In this state, the data conveyor check counts the number of error areas EN and the number of consecutive bytes EB for each error (.When the data conveyor for one sector is completed, the number of error areas EN is 2 or more, or when the error byte iEB is 2 or more, "1" shown in Figure 3
Rewrite the data stored in the WR sector buffer to the spare area and perform 5 replacement processes. 5.Also, the replacement process is performed under the condition that the number of error areas EN≧2 or the number of error bytes EB≧2. First, the number of error areas F, N≧2
In the case of
There is a possibility that the corrective action due to CC syndrome generation will not be able to be corrected. Similarly, when the number of error bytes EB≧2, there is a minimum of 2-byte errors, so repeating the read operation may result in 5-byte errors, which may not be corrected by ECC syndrome generation. For these reasons, the rewriting operation is performed by replacement processing.

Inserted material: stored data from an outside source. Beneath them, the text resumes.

lemma covered_cellE:
  assumes "q \<in> covered_cells L h s d g1 g2" "0 < d" "d dvd h"
  obtains i where "g1 < i" "i \<le> g2" "L * (i - 1) < d * q" "d * q + s \<le> L * i + h"
proof -
  obtain h' where h: "h = d * h'" using \<open>d dvd h\<close> by blast
  with assms obtain t u i where "q = h' * t + u" "1 \<le> u" "u \<le> h'" "g1 < i" "i \<le> g2"
    "L * (i - 1) \<le> h * t" "h * t + s \<le> L * i"
    by (auto simp: covered_cells_def block_windows_def)
  moreover from this h have "d * q = h * t + d * u" "d \<le> d * u" "d * u \<le> h"
    by (auto simp: algebra_simps)
  ultimately show ?thesis using \<open>0 < d\<close> by (intro that[of i]) linarith+
qed

lemma cell_in_covered_cells:
  assumes "0 < h" "0 < d" "d dvd h" "h \<le> c" "s \<le> c" "g1 < i" "i \<le> g2"
    and "L * (i - 1) + c < d * q" "d * q + c < L * i"
  shows "q \<in> covered_cells L h s d g1 g2"
proof -
  obtain h' where h: "h = d * h'" using \<open>d dvd h\<close> by blast
  with assms have "0 < h'" "h div d = h'" by auto
  have "0 < q" using assms(8) by (cases q) auto
  define t r where "t = (q - 1) div h'" and "r = (q - 1) mod h'"
  have q: "q = h' * t + (r + 1)" and "r < h'"
    using \<open>0 < q\<close> \<open>0 < h'\<close> by (simp_all add: t_def r_def)
  have "d * q = h * t + d * r + d"
    using q h by (simp add: algebra_simps)
  moreover have "d * (r + 1) \<le> d * h'"
    using \<open>r < h'\<close> by (intro mult_le_mono2) simp
  then have "d * r + d \<le> h" using h by simp
  ultimately have "t \<in> block_windows L h s i"
    using assms(4,5,8,9) by (auto simp: block_windows_def)
  then show ?thesis
    using q \<open>r < h'\<close> \<open>h div d = h'\<close> assms(6,7)
    by (force simp: covered_cells_def intro!: image_eqI[of _ _ "(t, r + 1)"])
qed
lemma trace_rel_power_q_power:
  assumes "r dvd n" "r > 0"
  shows "trace_rel q n r ((x :: 'a) ^ (q ^ r)) = trace_rel q n r x"
proof -
  define g where "g i = x ^ (q ^ (i * r))" for i
  have "g (n div r) = g 0"
    using assms by (simp add: g_def power_q_n_eq_same)
  have "trace_rel q n r (x ^ (q ^ r)) = (\<Sum>i<n div r. g (Suc i))"
    unfolding trace_rel_def g_def by (simp add: power_power_power_add)
  also have "\<dots> = (\<Sum>i<n div r. g i)"
  proof -
    have "g 0 + (\<Sum>i<n div r. g (Suc i)) = (\<Sum>i<n div r. g i) + g (n div r)"
      by (simp only: sum.lessThan_Suc_shift[symmetric] sum.lessThan_Suc)
    with \<open>g (n div r) = g 0\<close> show ?thesis by (simp add: add.commute)
  qed
  finally show ?thesis by (simp add: trace_rel_def g_def)
qed

lemma trace_rel_power_q_power_mult:
  assumes "r dvd n" "r > 0"
  shows "trace_rel q n r ((x :: 'a) ^ (q ^ (s * r))) = trace_rel q n r x"
proof (induction s)
  case (Suc s)
  have "x ^ (q ^ (Suc s * r)) = (x ^ (q ^ (s * r))) ^ (q ^ r)"
    by (simp add: power_power_power_add add.commute)
  with Suc show ?case by (simp add: trace_rel_power_q_power[OF assms])
qed simp

lemma trace_rel_mem_subfield_pow:
  assumes "r dvd n" "r > 0"
  shows "trace_rel q n r (x :: 'a) \<in> subfield_pow q r"
proof -
  have "trace_rel q n r x ^ (q ^ r) = trace_rel q n r (x ^ (q ^ r))"
    unfolding trace_rel_def by (simp add: power_q_power_sum power_power_power_add add.commute)
  then show ?thesis
    by (simp add: subfield_pow_def trace_rel_power_q_power[OF assms])
qed
lemma binomial_le_exp_ratio_power:
  assumes "0 < k"
  shows "real (n choose k) \<le> (exp 1 * n / k) ^ k"
proof -
  have "real (n choose k) * fact k \<le> real n ^ k"
    by (metis binomial_fact_pow of_nat_fact of_nat_le_iff of_nat_mult of_nat_power)
  then have "real (n choose k) \<le> real n ^ k / fact k"
    by (simp add: field_simps)
  also have "\<dots> \<le> (exp 1 * n / k) ^ k"
    using assms by (intro power_div_fact_le) auto
  finally show ?thesis .
qed

lemma binomial_le_power: "n choose k \<le> n ^ k"
  by (cases "k \<le> n") (simp_all add: binomial_le_pow binomial_eq_0)

lemma set_pmf_random_subgraph_subset: "G \<in> set_pmf (random_subgraph E p) \<Longrightarrow> G \<subseteq> E"
  by (auto simp: random_subgraph_def)

lemma prob_random_subgraph_superset_le:
  assumes E: "finite E" and p: "0 \<le> p" "p \<le> 1"
  shows "measure_pmf.prob (random_subgraph E p) {G. F \<subseteq> G} \<le> p ^ card F"
proof (cases "F \<subseteq> E")
  case False
  then have "(\<lambda>f. {e \<in> E. f e}) -` {G. F \<subseteq> G} = {}" by auto
  then show ?thesis unfolding random_subgraph_def measure_map_pmf using p by simp
next
  case True
  define B where "B e = (if e \<in> F then {True} else UNIV)" for e
  have "(\<lambda>f. {e \<in> E. f e}) -` {G. F \<subseteq> G} = Pi E B"
    using True by (auto simp: B_def Pi_def split: if_splits)
  then have "measure_pmf.prob (random_subgraph E p) {G. F \<subseteq> G} =
      (\<Prod>e\<in>E. measure_pmf.prob (bernoulli_pmf p) (B e))"
    unfolding random_subgraph_def measure_map_pmf using E by (simp add: measure_Pi_pmf_Pi)
  also have "\<dots> = (\<Prod>e\<in>E. if e \<in> F then p else 1)"
    using p by (intro prod.cong) (auto simp: B_def measure_pmf_single)
  also have "\<dots> = p ^ card F"
    using True E by (simp add: prod.If_cases Int_absorb1)
  finally show ?thesis by simp
qed
lemma istopology_zariski:
  "istopology (\<lambda>U. \<exists>Y. Y \<subseteq> carrier R \<and> U = Spec_g G R A - zero_locus Y)"
  unfolding istopology_def
proof (intro conjI allI impI)
  fix U V assume "\<exists>Y. Y \<subseteq> carrier R \<and> U = Spec_g G R A - zero_locus Y"
    "\<exists>Y. Y \<subseteq> carrier R \<and> V = Spec_g G R A - zero_locus Y"
  then obtain Y1 Y2 where Y: "Y1 \<subseteq> carrier R" "Y2 \<subseteq> carrier R"
    and UV: "U = Spec_g G R A - zero_locus Y1" "V = Spec_g G R A - zero_locus Y2" by blast
  let ?I = "graded_Idl Y1 \<inter> graded_Idl Y2"
  have "zero_locus ?I = zero_locus Y1 \<union> zero_locus Y2"
    using zero_locus_Int[OF graded_ideal_graded_Idl[OF Y(1)] graded_ideal_graded_Idl[OF Y(2)]]
    by (simp add: zero_locus_graded_Idl[OF Y(1)] zero_locus_graded_Idl[OF Y(2)])
  then have "U \<inter> V = Spec_g G R A - zero_locus ?I" unfolding UV by (simp add: Diff_Un)
  moreover have "?I \<subseteq> carrier R"
    using graded_ideal_subset[OF graded_ideal_graded_Idl[OF Y(1)]] by blast
  ultimately show "\<exists>Y. Y \<subseteq> carrier R \<and> U \<inter> V = Spec_g G R A - zero_locus Y" by blast
next
  fix KK assume KK: "\<forall>K\<in>KK. \<exists>Y. Y \<subseteq> carrier R \<and> K = Spec_g G R A - zero_locus Y"
  define Y\<^sub>0 where "Y\<^sub>0 = \<Union>{Y. Y \<subseteq> carrier R \<and> Spec_g G R A - zero_locus Y \<in> KK}"
  have "\<Union>KK = Spec_g G R A - zero_locus Y\<^sub>0"
  proof (intro equalityI subsetI)
    fix p assume "p \<in> \<Union>KK"
    then obtain K where K: "K \<in> KK" "p \<in> K" by blast
    then obtain Y where Y: "Y \<subseteq> carrier R" "K = Spec_g G R A - zero_locus Y" using KK by blast
    then have "Y \<subseteq> Y\<^sub>0" using K(1) unfolding Y\<^sub>0_def by blast
    moreover have "p \<in> Spec_g G R A" "\<not> Y \<subseteq> p" using K(2) Y(2) by simp_all
    ultimately show "p \<in> Spec_g G R A - zero_locus Y\<^sub>0" by auto
  next
    fix p assume p: "p \<in> Spec_g G R A - zero_locus Y\<^sub>0"
    then obtain y where "y \<in> Y\<^sub>0" "y \<notin> p" by auto
    then obtain Y where Y: "Y \<subseteq> carrier R" "Spec_g G R A - zero_locus Y \<in> KK" "y \<in> Y"
      unfolding Y\<^sub>0_def by blast
    have "p \<in> Spec_g G R A - zero_locus Y" using p \<open>y \<notin> p\<close> Y(3) by auto
    then show "p \<in> \<Union>KK" using Y(2) by blast
  qed
  moreover have "Y\<^sub>0 \<subseteq> carrier R" unfolding Y\<^sub>0_def by blast
  ultimately show "\<exists>Y. Y \<subseteq> carrier R \<and> \<Union>KK = Spec_g G R A - zero_locus Y" by blast
qed

lemma openin_zariski_g:
  "openin (zariski_g G R A) U \<longleftrightarrow> (\<exists>Y. Y \<subseteq> carrier R \<and> U = Spec_g G R A - zero_locus Y)"
proof -
  have iff: "(\<exists>I. graded_ideal G R A I \<and> U = Spec_g G R A - zero_locus I)
      \<longleftrightarrow> (\<exists>Y. Y \<subseteq> carrier R \<and> U = Spec_g G R A - zero_locus Y)" for U
  proof
    assume "\<exists>I. graded_ideal G R A I \<and> U = Spec_g G R A - zero_locus I"
    then show "\<exists>Y. Y \<subseteq> carrier R \<and> U = Spec_g G R A - zero_locus Y"
      using graded_ideal_subset by blast
  next
    assume "\<exists>Y. Y \<subseteq> carrier R \<and> U = Spec_g G R A - zero_locus Y"
    then obtain Y where "Y \<subseteq> carrier R" "U = Spec_g G R A - zero_locus Y" by blast
    then have "graded_ideal G R A (graded_Idl Y)"
      "U = Spec_g G R A - zero_locus (graded_Idl Y)"
      using graded_ideal_graded_Idl zero_locus_graded_Idl by simp_all
    then show "\<exists>I. graded_ideal G R A I \<and> U = Spec_g G R A - zero_locus I" by blast
  qed
  have "(\<lambda>U. \<exists>I. graded_ideal G R A I \<and> U = Spec_g G R A - {p \<in> Spec_g G R A. I \<subseteq> p})
      = (\<lambda>U. \<exists>Y. Y \<subseteq> carrier R \<and> U = Spec_g G R A - zero_locus Y)"
    unfolding zero_locus_def[symmetric] using iff by (rule ext)
  then show ?thesis unfolding zariski_g_def using istopology_zariski by simp
qed

lemma topspace_zariski_g: "topspace (zariski_g G R A) = Spec_g G R A"
proof -
  have "zero_locus {\<one>} = {}" using one_notin_Spec_g by auto
  then have "openin (zariski_g G R A) (Spec_g G R A)"
    unfolding openin_zariski_g by (intro exI[of _ "{\<one>}"]) simp
  moreover have "topspace (zariski_g G R A) \<subseteq> Spec_g G R A"
    using openin_topspace[of "zariski_g G R A"] unfolding openin_zariski_g by blast
  ultimately show ?thesis using openin_subset by blast
qed

lemma closedin_zariski_g:
  "closedin (zariski_g G R A) F \<longleftrightarrow> (\<exists>Y. Y \<subseteq> carrier R \<and> F = zero_locus Y)"
proof
  assume "closedin (zariski_g G R A) F"
  then have F: "F \<subseteq> Spec_g G R A" "openin (zariski_g G R A) (Spec_g G R A - F)"
    unfolding closedin_def topspace_zariski_g by blast+
  then obtain Y where "Y \<subseteq> carrier R" "Spec_g G R A - F = Spec_g G R A - zero_locus Y"
    unfolding openin_zariski_g by blast
  moreover from this(2) have "F = zero_locus Y" using F(1) zero_locus_subset by blast
  ultimately show "\<exists>Y. Y \<subseteq> carrier R \<and> F = zero_locus Y" by blast
next
  assume "\<exists>Y. Y \<subseteq> carrier R \<and> F = zero_locus Y"
  then have "F \<subseteq> Spec_g G R A" "openin (zariski_g G R A) (Spec_g G R A - F)"
    unfolding openin_zariski_g using zero_locus_subset by blast+
  then show "closedin (zariski_g G R A) F" unfolding closedin_def topspace_zariski_g by blast
qed

lemma closure_of_singleton_Spec_g:
  assumes p: "p \<in> Spec_g G R A"
  shows "zariski_g G R A closure_of {p} = zero_locus p"
proof (rule equalityI)
  have "closedin (zariski_g G R A) (zero_locus p)"
    using Spec_g_subset[OF p] closedin_zariski_g by blast
  then show "zariski_g G R A closure_of {p} \<subseteq> zero_locus p"
    using p by (intro closure_of_minimal) auto
  show "zero_locus p \<subseteq> zariski_g G R A closure_of {p}"
  proof
    fix q assume q: "q \<in> zero_locus p"
    have "p \<in> U" if U: "q \<in> U" "openin (zariski_g G R A) U" for U
    proof -
      obtain Y where "U = Spec_g G R A - zero_locus Y" using U(2) openin_zariski_g by blast
      then show ?thesis using U(1) q p by auto
    qed
    then show "q \<in> zariski_g G R A closure_of {p}"
      unfolding in_closure_of topspace_zariski_g using q by auto
  qed
qed

lemma t0_space_zariski_g: "t0_space (zariski_g G R A)"
  unfolding t0_space_closure_of_sing topspace_zariski_g
proof (intro ballI impI)
  fix p q assume pq: "p \<in> Spec_g G R A" "q \<in> Spec_g G R A"
    "zariski_g G R A closure_of {p} = zariski_g G R A closure_of {q}"
  then have eq: "zero_locus p = zero_locus q" using closure_of_singleton_Spec_g by simp
  have "p \<in> zero_locus q" "q \<in> zero_locus p"
    using eq pq(1,2) by (metis mem_zero_locus subset_refl)+
  then have "q \<subseteq> p" "p \<subseteq> q" by simp_all
  then show "p = q" by (rule equalityI[rotated])
qed

definition basic_open :: "'a \<Rightarrow> 'a set set" where
  "basic_open a = Spec_g G R A - zero_locus {a}"

lemma mem_basic_open [simp]: "p \<in> basic_open a \<longleftrightarrow> p \<in> Spec_g G R A \<and> a \<notin> p"
  unfolding basic_open_def by auto

lemma openin_basic_open: "a \<in> carrier R \<Longrightarrow> openin (zariski_g G R A) (basic_open a)"
  unfolding basic_open_def openin_zariski_g by blast
(* Let $n$ be a positive integer, $k$ an integer with $0\le k\le n$, and $0<\phi<\infty$, and let $R\sim \mathrm{Spillage}(n,k,\phi)$. For integers $\ell\ge 0$ set $H_\ell = \phi^\ell\, S(n-\ell,k,\phi)/S(n,k,\phi)$. Then $$\mathbb{E}(R) = (n-k) - nH_1,\qquad \mathbb{V}(R) = nH_1 - n^2H_1^2 + n(n-1)H_2,$$ and, whenever $\mathbb{V}(R)>0$ (so that skewness and kurtosis are defined), $$\mathrm{Skew}(R) = \frac{-nH_1 + 3n^2H_1^2 - 3n(n-1)H_2 - 2n^3H_1^3 + 3n^2(n-1)H_1H_2 - n(n-1)(n-2)H_3}{[nH_1 - n^2H_1^2 + n(n-1)H_2]^{3/2}},$$ $$\mathrm{Kurt}(R) = 3 + \frac{\begin{aligned}&nH_1 - 7n^2H_1^2 + 7n(n-1)H_2 + 12n^3H_1^3 - 18n^2(n-1)H_1H_2 + 6n(n-1)(n-2)H_3\\ &- 6n^4H_1^4 + 12n^3(n-1)H_1^2H_2 - 3n^2(n-1)^2H_2^2 - 4n^2(n-1)(n-2)H_1H_3 + n(n-1)(n-2)(n-3)H_4\end{aligned}}{[nH_1 - n^2H_1^2 + n(n-1)H_2]^2}.$$
   Context: $S(j,k)$ denotes the (central) Stirling numbers of the second kind. The noncentral Stirling numbers of the second kind are $S(n,k,\phi) = \sum_{r=0}^{n-k}\binom{n}{k+r}\phi^{n-k-r}S(k+r,k)$, with $S(n',k,\phi)=0$ for $n'<k$. The spillage distribution $\mathrm{Spillage}(n,k,\phi)$ is the distribution on $\{0,\dots,n-k\}$ with mass function $\mathrm{Spillage}(r\mid n,k,\phi) = \binom{n}{k+r}\phi^{n-k-r}S(k+r,k)/S(n,k,\phi)$. Skewness is $\mathbb{E}[(R-\mathbb{E}R)^3]/\mathbb{V}(R)^{3/2}$ and kurtosis is $\mathbb{E}[(R-\mathbb{E}R)^4]/\mathbb{V}(R)^2$. *)

theory Defs
  imports Complex_Main "HOL-Combinatorics.Stirling"
begin

(* Noncentral Stirling numbers of the second kind S(n,k,phi).
   For n < k the sum collapses to binom(n,k) * S(k,k) = 0, matching the convention. *)
definition stirling_nc :: "nat \<Rightarrow> nat \<Rightarrow> real \<Rightarrow> real" where
  "stirling_nc n k \<phi> =
     (\<Sum>r = 0..n - k. real (n choose (k + r)) * \<phi> ^ (n - k - r) * real (Stirling (k + r) k))"

definition spillage_pmf :: "nat \<Rightarrow> nat \<Rightarrow> real \<Rightarrow> nat \<Rightarrow> real" where
  "spillage_pmf n k \<phi> r =
     (if r \<le> n - k then real (n choose (k + r)) * \<phi> ^ (n - k - r) * real (Stirling (k + r) k)
                          / stirling_nc n k \<phi>
      else 0)"

definition spillage_mean :: "nat \<Rightarrow> nat \<Rightarrow> real \<Rightarrow> real" where
  "spillage_mean n k \<phi> = (\<Sum>r = 0..n - k. real r * spillage_pmf n k \<phi> r)"

definition spillage_cmoment :: "nat \<Rightarrow> nat \<Rightarrow> real \<Rightarrow> nat \<Rightarrow> real" where
  "spillage_cmoment n k \<phi> j =
     (\<Sum>r = 0..n - k. (real r - spillage_mean n k \<phi>) ^ j * spillage_pmf n k \<phi> r)"

definition spillage_var :: "nat \<Rightarrow> nat \<Rightarrow> real \<Rightarrow> real" where
  "spillage_var n k \<phi> = spillage_cmoment n k \<phi> 2"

In the above case, the number of error areas EN in one sector and the error byte MEB are used, but other error area numbers EN
/As a method of counting the number of error bytes EB, count the number of error areas EN/error pie) & EB for each code read W0 to W, and calculate the number of error areas EN≧2 or error by)&EB≧2 per word. case,
In step 5, since the check range is performed in units of one code and one word without conveying one sector, it becomes possible to determine a writing defect more quickly.

〔Effect of the invention〕

According to the present invention, it is possible to check the data conveyor while reading information during a read operation after writing in read, after, and write operations, so that the processing time can be reduced. Furthermore, since the conditions for performing the replacement process are considered in comparison with the correction ability of the ECC, there is an effect that there is no need to change the reliability of the conventional device.

[Brief explanation of drawings]

Fig. 1 is a recording format diagram of one track according to an embodiment of the present invention, Fig. 2 is a block diagram of an optical disc control device, Fig. 3 is a block diagram of a write/read circuit, and Fig. 4 is a diagram of one sector of data. FIG. DESCRIPTION OF SYMBOLS 1... Interface controller, 2... Microprocessor, 3... Memory, 4... Data buffer. 5...Writing circuit, 6...Reading circuit, 7...Selector. 8...Light drive device. Patent Attorney Masaru Ogawa ゛Otani 1 Figure δS Original Nano Lt Kuta A5 Orthot Kuta Pattern 2 Atsushi 3 Figure L

Claims (1)

[Claims] 1. An information recording system characterized by having a function of reading the recorded information after recording information on an optical disk, conveying the recorded information with the information before recording, and determining a recording defect.